Thu, April 9, 9:45 to 11:15am PDT (9:45 to 11:15am PDT), Los Angeles Convention Center, Floor: Level Two, Room 304B

Abstract

Scholars have found that for youth, experiences of racial trauma are typically dismissed by clinicians (Saleem et al, 2019). Though educators regularly witness the ways racial trauma impacts Black students, there is rarely space to address it.
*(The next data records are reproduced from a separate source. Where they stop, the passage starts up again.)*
(* Let $K$ be a field, $c\in K\setminus\{0\}$ and $n\ge1$. There is a bijection between the set $\Psi_c^n$ of $c$-polygonal sequences of order $n$ and the set $\Psi_{-c}^n$ of $(-c)$-polygonal sequences of order $n$.
   Context: For a nonzero $a\in K$, the $a$-continuant polynomials $P_k^a$ ($k\ge-1$) are defined by $P_{-1}^a=0$, $P_0^a=1$, and for $k\ge1$, $P_k^a(x_1,\dots,x_k)=x_kP_{k-1}^a(x_1,\dots,x_{k-1})+aP_{k-2}^a(x_1,\dots,x_{k-2})$. A family $(x_i)_{i\in\mathbb{Z}}$ in $K$ is $n$-admissible (for $a$) if $P_{n+2}^a(x_i,\dots,x_{i+n+1})=0$ for all $i$. Let $\mathbb{B}_n=\{(i,j)\in\mathbb{Z}^2:-2\le j-i\le n+1\}$. An $a$-frieze of order $n$ is a function $f:\mathbb{B}_n\to K$ for which there is an $n$-admissible family $(x_i)$ (for $a$) with $f(i,j)=P^a_{j-i+1}(x_i,\dots,x_j)$ for all $(i,j)\in\mathbb{B}_n$. An $a$-polygonal sequence of order $n$ is a tuple $(f(m+1,m+1),f(m+2,m+2),\dots,f(m+n+3,m+n+3))\in K^{n+3}$ of $n+3$ consecutive first-row entries of some $a$-frieze $f$ of order $n$ (for some $m\in\mathbb{Z}$); $\Psi_a^n$ denotes the set of all of them. *)

theory Defs
  imports Main
begin

text \<open>cont a x i k = P^a_k(x_i, x_(i+1), ..., x_(i+k-1)) for k >= 0.\<close>
fun cont :: "'a::field \<Rightarrow> (int \<Rightarrow> 'a) \<Rightarrow> int \<Rightarrow> nat \<Rightarrow> 'a" where
  "cont a x i 0 = 1"
| "cont a x i (Suc 0) = x i"
| "cont a x i (Suc (Suc k)) = x (i + int k + 1) * cont a x i (Suc k) + a * cont a x i k"

definition contz :: "'a::field \<Rightarrow> (int \<Rightarrow> 'a) \<Rightarrow> int \<Rightarrow> int \<Rightarrow> 'a" where
  "contz a x i k = (if k < 0 then 0 else cont a x i (nat k))"

definition admissible :: "'a::field \<Rightarrow> nat \<Rightarrow> (int \<Rightarrow> 'a) \<Rightarrow> bool" where
  "admissible a n x \<longleftrightarrow> (\<forall>i. cont a x i (n + 2) = 0)"

definition Bn :: "nat \<Rightarrow> (int \<times> int) set" where
  "Bn n = {(i, j). -2 \<le> j - i \<and> j - i \<le> int n + 1}"

definition is_frieze :: "'a::field \<Rightarrow> nat \<Rightarrow> (int \<times> int \<Rightarrow> 'a) \<Rightarrow> bool" where
  "is_frieze a n f \<longleftrightarrow> (\<exists>x. admissible a n x \<and>
      (\<forall>i j. (i, j) \<in> Bn n \<longrightarrow> f (i, j) = contz a x i (j - i + 1)))"

definition Psi :: "'a::field \<Rightarrow> nat \<Rightarrow> 'a list set" where
  "Psi a n = {map (\<lambda>k. f (m + int k, m + int k)) [1..<n + 4] | f m. is_frieze a n f}"

end

theory Submission
  imports Defs
begin

text \<open>Twisting a family by alternating signs, \<open>x'\<^sub>j = \<plusminus>(-1)\<^sup>j x\<^sub>j\<close>, turns every
  \<open>a\<close>-continuant into \<open>\<plusminus>\<close> the corresponding \<open>(-a)\<close>-continuant: in the recurrence
  \<open>P\<^sub>k = x\<^sub>k P\<^sub>k\<^sub>-\<^sub>1 + a P\<^sub>k\<^sub>-\<^sub>2\<close> the signs of consecutive terms differ by the sign of \<open>x\<^sub>k\<close>,
  while those two steps apart differ by \<open>-1\<close>, which is absorbed by \<open>a \<mapsto> -a\<close>.
  Hence the twist maps \<open>a\<close>-admissible families to \<open>(-a)\<close>-admissible ones, and on
  polygonal sequences (which are just windows of admissible families) it is an
  involution exchanging \<open>\<Psi>\<^sub>a\<^sup>n\<close> and \<open>\<Psi>\<^sub>-\<^sub>a\<^sup>n\<close>.\<close>

definition alt_sign :: "int \<Rightarrow> 'a::field" where
  "alt_sign j = (if even j then 1 else -1)"

lemma alt_sign_add: "(alt_sign (j + int m) :: 'a::field) = alt_sign j * (-1) ^ m"
  by (induction m) (auto simp: alt_sign_def algebra_simps)

lemma alt_sign_mult_self [simp]: "(alt_sign j :: 'a::field) * alt_sign j = 1"
  by (simp add: alt_sign_def)

definition sign_twist :: "int \<Rightarrow> (int \<Rightarrow> 'a::field) \<Rightarrow> int \<Rightarrow> 'a" where
  "sign_twist t x j = alt_sign (j + t) * x j"

text \<open>The sign by which the twist multiplies a continuant of length \<open>k\<close> whose
  first entry carries the sign \<open>u\<close>.\<close>
fun twist_factor :: "'a::field \<Rightarrow> nat \<Rightarrow> 'a" where
  "twist_factor u 0 = 1"
| "twist_factor u (Suc k) = u * (-1) ^ k * twist_factor u k"

lemma twist_factor_Suc_Suc:
  assumes "u * u = 1"
  shows "twist_factor u (Suc (Suc k)) = - twist_factor u k"
proof -
  have "twist_factor u (Suc (Suc k)) = (u * u) * ((-1) ^ Suc k * (-1) ^ k) * twist_factor u k"
    by (simp add: algebra_simps)
  also have "(-1::'a) ^ Suc k * (-1) ^ k = -1"
    by (simp flip: power_add power_Suc)
  finally show ?thesis
    using assms by simp
qed

lemma cont_sign_twist:
  "cont (-a) (sign_twist t x) i k = twist_factor (alt_sign (i + t)) k * cont a x i k"
proof (induction a x i k rule: cont.induct)
  case (3 a x i k)
  let ?u = "alt_sign (i + t) :: 'a"
  let ?s = "twist_factor ?u"
  have "alt_sign (i + int k + 1 + t) = ?u * (-1) ^ Suc k"
    using alt_sign_add[of "i + t" "Suc k"] by (simp add: algebra_simps)
  then have sign_next: "alt_sign (i + int k + 1 + t) * ?s (Suc k) = ?s (Suc (Suc k))"
    by simp
  have "cont (-a) (sign_twist t x) i (Suc (Suc k))
      = sign_twist t x (i + int k + 1) * cont (-a) (sign_twist t x) i (Suc k)
        + (-a) * cont (-a) (sign_twist t x) i k"
    by simp
  also have "\<dots> = (alt_sign (i + int k + 1 + t) * ?s (Suc k)) * x (i + int k + 1) * cont a x i (Suc k)
        + a * (- ?s k) * cont a x i k"
    by (simp only: 3 sign_twist_def) (simp add: algebra_simps)
  also have "\<dots> = ?s (Suc (Suc k)) * cont a x i (Suc (Suc k))"
    by (simp only: sign_next twist_factor_Suc_Suc[OF alt_sign_mult_self, symmetric])
       (simp add: algebra_simps)
  finally show ?case .
qed (simp_all add: sign_twist_def)

lemma admissible_sign_twist:
  "admissible a n x \<Longrightarrow> admissible (-a) n (sign_twist t x)"
  unfolding admissible_def cont_sign_twist by simp

lemma Psi_eq_windows:
  "Psi a n = {map (\<lambda>k. x (m + int k)) [1..<n + 4] | x m. admissible a n x}"
proof (intro equalityI subsetI)
  fix l assume "l \<in> Psi a n"
  then obtain f m x where l: "l = map (\<lambda>k. f (m + int k, m + int k)) [1..<n + 4]"
    and adm: "admissible a n x"
    and f: "\<forall>i j. (i, j) \<in> Bn n \<longrightarrow> f (i, j) = contz a x i (j - i + 1)"
    unfolding Psi_def is_frieze_def by blast
  have "f (i, i) = x i" for i
    using f by (simp add: Bn_def contz_def)
  with l adm show "l \<in> {map (\<lambda>k. x (m + int k)) [1..<n + 4] | x m. admissible a n x}"
    by auto
next
  fix l assume "l \<in> {map (\<lambda>k. x (m + int k)) [1..<n + 4] | x m. admissible a n x}"
  then obtain x m where l: "l = map (\<lambda>k. x (m + int k)) [1..<n + 4]"
    and adm: "admissible a n x"
    by blast
  define f where "f = (\<lambda>(i, j). contz a x i (j - i + 1))"
  have "is_frieze a n f"
    unfolding is_frieze_def f_def using adm by auto
  moreover have "l = map (\<lambda>k. f (m + int k, m + int k)) [1..<n + 4]"
    by (simp add: l f_def contz_def)
  ultimately show "l \<in> Psi a n"
    unfolding Psi_def by blast
qed

definition alternate_signs :: "'a::field list \<Rightarrow> 'a list" where
  "alternate_signs l = map (\<lambda>p. alt_sign (int p) * l ! p) [0..<length l]"

lemma alternate_signs_involution: "alternate_signs (alternate_signs l) = (l :: 'a::field list)"
  by (rule nth_equalityI) (auto simp: alternate_signs_def mult.assoc[symmetric])

lemma alternate_signs_Psi:
  assumes "l \<in> Psi a n"
  shows "alternate_signs l \<in> Psi (-a) n"
proof -
  obtain x m where l: "l = map (\<lambda>k. x (m + int k)) [1..<n + 4]"
    and adm: "admissible a n x"
    using assms unfolding Psi_eq_windows by blast
  let ?x' = "sign_twist (- m - 1) x"
  have "alternate_signs l = map (\<lambda>k. ?x' (m + int k)) [1..<n + 4]"
    by (rule nth_equalityI) (auto simp: alternate_signs_def l sign_twist_def algebra_simps)
  with admissible_sign_twist[OF adm] show ?thesis
    unfolding Psi_eq_windows by blast
qed

theorem mainTheorem14:
  fixes c :: "'a::field" and n :: nat
  assumes "c \<noteq> 0" and "1 \<le> n"
  shows "\<exists>g. bij_betw g (Psi c n) (Psi (- c) n)"
proof
  show "bij_betw alternate_signs (Psi c n) (Psi (- c) n)"
    by (rule bij_betw_byWitness[where f' = alternate_signs])
       (auto simp: alternate_signs_involution intro: alternate_signs_Psi
             dest: alternate_signs_Psi[where a = "-c"])
qed

end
Racial trauma persists in schools, not as a fluke, but as a feature, predominantly in how Black students are surveilled and disciplined. Racial trauma leads to racial grief, and thus scholars argue that there needs to be space within education to allow both educators and students to process their trauma and resulting grief, since education and schooling spaces often pathologizes emotionality and decenters the body (Hannegan-Martinez, 2023). Through this work, I argue that it is necessary to look to the outdoors to find space for addressing racial trauma, the grief it causes, and to move towards healing drawing on theories of place-based education (PBE), racial healing of Black communities (Chinosa et. al., 2020), and fugitive epistemologies. Specifically, this study investigates two questions: (1) How do Black high school students understand schools as sites of racial trauma? (2) How does PBE facilitate the racial healing of Black students? Using photovoice methodologies, this community engaged research study explores how outdoors PBE specifically designed for BIPOC communities contributes to the healing experiences of Black youth as they connect with nature and the outdoors.